Three households will be allowed to meet over Christmas while retail, pubs and restaurants will all reopen in December.


Micheal Martin announced the reopening of all retail, places of worship, hairdressers, cinemas, libraries and museums from December 1 (Julian Behal Photography)

Micheal Martin announced the reopening of all retail, places of worship, hairdressers, cinemas, libraries and museums from December 1 (Julian Behal Photography)

Micheal Martin announced the reopening of all retail, places of worship, hairdressers, cinemas, libraries and museums from December 1 (Julian Behal Photography)

The Government has announced a move to Level 3 of coronavirus restrictions from next month – paving the way for a widespread reopening of the country before Christmas.

Taoiseach Micheal Martin addressed the nation on Friday evening, announcing the reopening of all retail, places of worship, hairdressers, cinemas, libraries and museums from December 1.

Restaurants, cafes and gastropubs will follow on December 4 – but so-called wet pubs will be forced to remain shut.

Mr Martin said: “This cannot and will not be the kind of Christmas we are used to, but it will be a very special time when we will all be able to enjoy some respite from the hardships of 2020 and in particular the last six weeks.”

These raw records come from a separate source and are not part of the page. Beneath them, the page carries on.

lemma AE_U_in_01: "AE \<omega> in M. \<forall>i. U i \<omega> \<in> {0<..<1}"
proof (subst AE_all_countable, intro allI)
  fix i
  have "AE x in lborel. x \<in> {0..1::real} \<longrightarrow> x \<in> {0<..<1}"
    using AE_lborel_singleton[of 0] AE_lborel_singleton[of 1] by eventually_elim auto
  then have "AE x in uniform_measure lborel {0..1::real}. x \<in> {0<..<1}"
    by (subst AE_uniform_measure) auto
  then have "AE x in distr M borel (U i). x \<in> {0<..<1}"
    by (simp only: uniform)
  then show "AE \<omega> in M. U i \<omega> \<in> {0<..<1}"
    by (rule AE_distrD[OF measurable_U])
qed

People will be asked to continue to work from home, and are now advised to wear facemasks in crowded outdoor spaces, workplaces and places of worship.

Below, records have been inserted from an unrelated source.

lemma bounded_linear_transpose [bounded_linear]:
  "bounded_linear (transpose :: real^'m^'n \<Rightarrow> real^'n^'m)"
  unfolding linear_conv_bounded_linear[symmetric]
  by (auto intro!: linearI simp: transpose_def vec_eq_iff)

lemma has_vector_derivative_imp_continuous_on_atLeast:
  "(\<And>t. a \<le> t \<Longrightarrow> (f has_vector_derivative f' t) (at t within {a..})) \<Longrightarrow> continuous_on {a..} f"
  unfolding has_vector_derivative_def by (rule has_derivative_continuous_on) simp

lemma vanishes_if_derivative_norm_le:
  fixes Z :: "real \<Rightarrow> 'a::real_inner"
  assumes deriv: "\<And>t. 0 \<le> t \<Longrightarrow> (Z has_vector_derivative Z' t) (at t within {0..})"
    and growth: "\<And>t. 0 \<le> t \<Longrightarrow> t \<le> T \<Longrightarrow> norm (Z' t) \<le> K * norm (Z t)"
    and "Z 0 = 0" "0 \<le> T"
  shows "Z T = 0"
proof -
  define g where "g t = exp (- 2 * K * t) * (Z t \<bullet> Z t)" for t
  have "continuous_on {0..} Z"
    using deriv by (rule has_vector_derivative_imp_continuous_on_atLeast)
  then have cont_g: "continuous_on {0..T} g"
    unfolding g_def by (auto intro!: continuous_intros elim: continuous_on_subset)
  have "g T \<le> g 0"
  proof (rule DERIV_nonpos_imp_decreasing_open[OF \<open>0 \<le> T\<close> _ cont_g])
    fix t assume t: "0 < t" "t < T"
    have "(Z has_vector_derivative Z' t) (at t)"
      using deriv[of t] t at_within_interior[of t "{0..}"] by simp
    then have "((\<lambda>t. Z t \<bullet> Z t) has_real_derivative 2 * (Z t \<bullet> Z' t)) (at t)"
      using bounded_bilinear.has_vector_derivative[OF bounded_bilinear_inner]
      by (fastforce simp: has_real_derivative_iff_has_vector_derivative inner_commute)
    then have "(g has_real_derivative
        exp (- 2 * K * t) * (2 * (Z t \<bullet> Z' t) - 2 * K * (Z t \<bullet> Z t))) (at t)"
      unfolding g_def by (auto intro!: derivative_eq_intros simp: algebra_simps)
    moreover have "Z t \<bullet> Z' t \<le> K * (Z t \<bullet> Z t)"
      using norm_cauchy_schwarz[of "Z t" "Z' t"] growth[of t] t
        mult_left_mono[of "norm (Z' t)" "K * norm (Z t)" "norm (Z t)"]
      by (simp add: power2_norm_eq_inner[symmetric] power2_eq_square algebra_simps)
    ultimately show "\<exists>y. (g has_real_derivative y) (at t) \<and> y \<le> 0"
      by (auto simp: mult_nonneg_nonpos)
  qed
  then show ?thesis
    using \<open>Z 0 = 0\<close> inner_ge_zero[of "Z T"] by (simp add: g_def mult_le_0_iff)
qed

lemma coupled_matrix_ode_vanishes:
  fixes A :: "real \<Rightarrow> real^'q^'m" and B :: "real \<Rightarrow> real^'q^'r"
    and F :: "real \<Rightarrow> real^'r^'m" and G :: "real \<Rightarrow> real^'m^'r"
  assumes dA: "\<And>t. 0 \<le> t \<Longrightarrow> (A has_vector_derivative F t ** B t) (at t within {0..})"
    and dB: "\<And>t. 0 \<le> t \<Longrightarrow> (B has_vector_derivative G t ** A t) (at t within {0..})"
    and cont: "continuous_on {0..} F" "continuous_on {0..} G"
    and init: "A 0 = 0" "B 0 = 0" and "0 \<le> T"
  shows "A T = 0 \<and> B T = 0"
proof -
  obtain KF where "KF \<ge> 0"
    and KF: "\<And>(a :: real^'r^'m) (b :: real^'q^'r). norm (a ** b) \<le> norm a * norm b * KF"
    using bounded_bilinear.nonneg_bounded[OF bounded_bilinear_matrix_matrix_mult] by blast
  obtain KG where "KG \<ge> 0"
    and KG: "\<And>(a :: real^'m^'r) (b :: real^'q^'m). norm (a ** b) \<le> norm a * norm b * KG"
    using bounded_bilinear.nonneg_bounded[OF bounded_bilinear_matrix_matrix_mult] by blast
  have "continuous_on {0..T} F" "continuous_on {0..T} G"
    using cont by (auto elim: continuous_on_subset)
  then obtain MF MG where "MF \<ge> 0" and MF: "\<And>t. t \<in> {0..T} \<Longrightarrow> norm (F t) \<le> MF"
    and "MG \<ge> 0" and MG: "\<And>t. t \<in> {0..T} \<Longrightarrow> norm (G t) \<le> MG"
    by (metis compact_Icc continuous_on_compact_bound)
  have "(A T, B T) = 0"
  proof (rule vanishes_if_derivative_norm_le[where K = "MF * KF + MG * KG"])
    show "((\<lambda>t. (A t, B t)) has_vector_derivative (F t ** B t, G t ** A t)) (at t within {0..})"
      if "0 \<le> t" for t
      using dA[OF that] dB[OF that] by (rule has_vector_derivative_Pair)
    show "norm (F t ** B t, G t ** A t) \<le> (MF * KF + MG * KG) * norm (A t, B t)"
      if "0 \<le> t" "t \<le> T" for t
    proof -
      have tT: "t \<in> {0..T}" using that by simp
      have "norm (F t ** B t) \<le> norm (F t) * norm (B t) * KF" by (rule KF)
      also have "\<dots> \<le> MF * norm (A t, B t) * KF"
        by (intro mult_right_mono mult_mono MF[OF tT] norm_snd_le \<open>MF \<ge> 0\<close> \<open>KF \<ge> 0\<close> norm_ge_zero)
      finally have "norm (F t ** B t) \<le> MF * norm (A t, B t) * KF" .
      moreover have "norm (G t ** A t) \<le> norm (G t) * norm (A t) * KG" by (rule KG)
      moreover have "\<dots> \<le> MG * norm (A t, B t) * KG"
        by (intro mult_right_mono mult_mono MG[OF tT] norm_fst_le \<open>MG \<ge> 0\<close> \<open>KG \<ge> 0\<close> norm_ge_zero)
      ultimately show ?thesis
        using norm_Pair_le[of "F t ** B t" "G t ** A t"] by (simp add: algebra_simps)
    qed
  qed (simp_all add: init zero_prod_def \<open>0 \<le> T\<close>)
  then show ?thesis by (simp add: zero_prod_def)
qed

lemma pos_diag_diag_sqrt:
  assumes "pos_diag S"
  shows "transpose (diag_sqrt S) = diag_sqrt S" "invertible (diag_sqrt S)"
proof -
  have off_diag: "diag_sqrt S $ i $ j = 0" if "i \<noteq> j" for i j
    using assms that by (simp add: pos_diag_def diag_sqrt_def)
  then show "transpose (diag_sqrt S) = diag_sqrt S"
    by (simp add: vec_eq_iff transpose_def) (metis off_diag)
  have "det (diag_sqrt S) = (\<Prod>i\<in>UNIV. sqrt (S $ i $ i))"
    using det_diagonal[OF off_diag] by (simp add: diag_sqrt_def)
  also have "\<dots> \<noteq> 0"
    using assms by (simp add: pos_diag_def less_imp_neq[symmetric])
  finally show "invertible (diag_sqrt S)"
    by (simp add: invertible_det_nz)
qed

lemma is_pinv_unique:
  assumes "is_pinv A B" "is_pinv A C"
  shows "B = C"
proof -
  have a1: "A ** B ** A = A" "B ** A ** B = B" "transpose (A ** B) = A ** B" "transpose (B ** A) = B ** A"
    using assms(1) unfolding is_pinv_def by auto
  have a2: "A ** C ** A = A" "C ** A ** C = C" "transpose (A ** C) = A ** C" "transpose (C ** A) = C ** A"
    using assms(2) unfolding is_pinv_def by auto
  have "B = B ** (A ** B)" using a1 by (simp add: matrix_mul_assoc)
  also have "\<dots> = B ** transpose (A ** C ** A ** B)" using a1 a2 by simp
  also have "\<dots> = B ** (transpose (A ** B) ** transpose (A ** C))"
    by (simp add: matrix_transpose_mul matrix_mul_assoc)
  also have "\<dots> = B ** A ** B ** A ** C" using a1 a2 by (simp add: matrix_mul_assoc)
  also have "\<dots> = B ** A ** C" using a1 by simp
  finally have b: "B = B ** A ** C" .
  have cab: "C ** A ** B ** A = C ** A" by (metis a1(1) matrix_mul_assoc)
  have "C = (C ** A) ** C" using a2 by (simp add: matrix_mul_assoc)
  also have "\<dots> = transpose (C ** A ** B ** A) ** C" using a2 cab by simp
  also have "\<dots> = (transpose (B ** A) ** transpose (C ** A)) ** C"
    by (simp add: matrix_transpose_mul matrix_mul_assoc)
  also have "\<dots> = (B ** A) ** (C ** A ** C)" by (simp only: a1(4) a2(4) matrix_mul_assoc)
  also have "\<dots> = B ** A ** C" using a2 by simp
  finally show ?thesis using b by simp
qed

lemma pinv_eqI: "is_pinv A B \<Longrightarrow> pinv A = B"
  unfolding pinv_def using is_pinv_unique by blast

The ban on inter-county travel will remain in place, but will be lifted from December 18 until January 6, to allow for Christmas gatherings.

During that time people will be allowed leave their county and meet indoors with up to two other households.

The Taoiseach said: “We have been able to achieve this because you have taken personal responsibility, you understand the danger of what we are dealing with and you have made choices that minimised the risk.

“We have been able to achieve this, and do it while keeping our schools, childcare facilities, construction and essential retail services open because of the commitment of the workers in each of those sectors.

“And we have been able to achieve this, while maintaining capacity in our hospitals and continuing to treat sick people across the country because of the ongoing courage and dedication of our healthcare community.

“To quote Pope Francis in his recent reflection on the pandemic, ‘They are the saints next door… They are the antibodies to the virus of indifference.'”

Places of worship will reopen for services on December 1 with restrictive measures in place. This will be reviewed again in January.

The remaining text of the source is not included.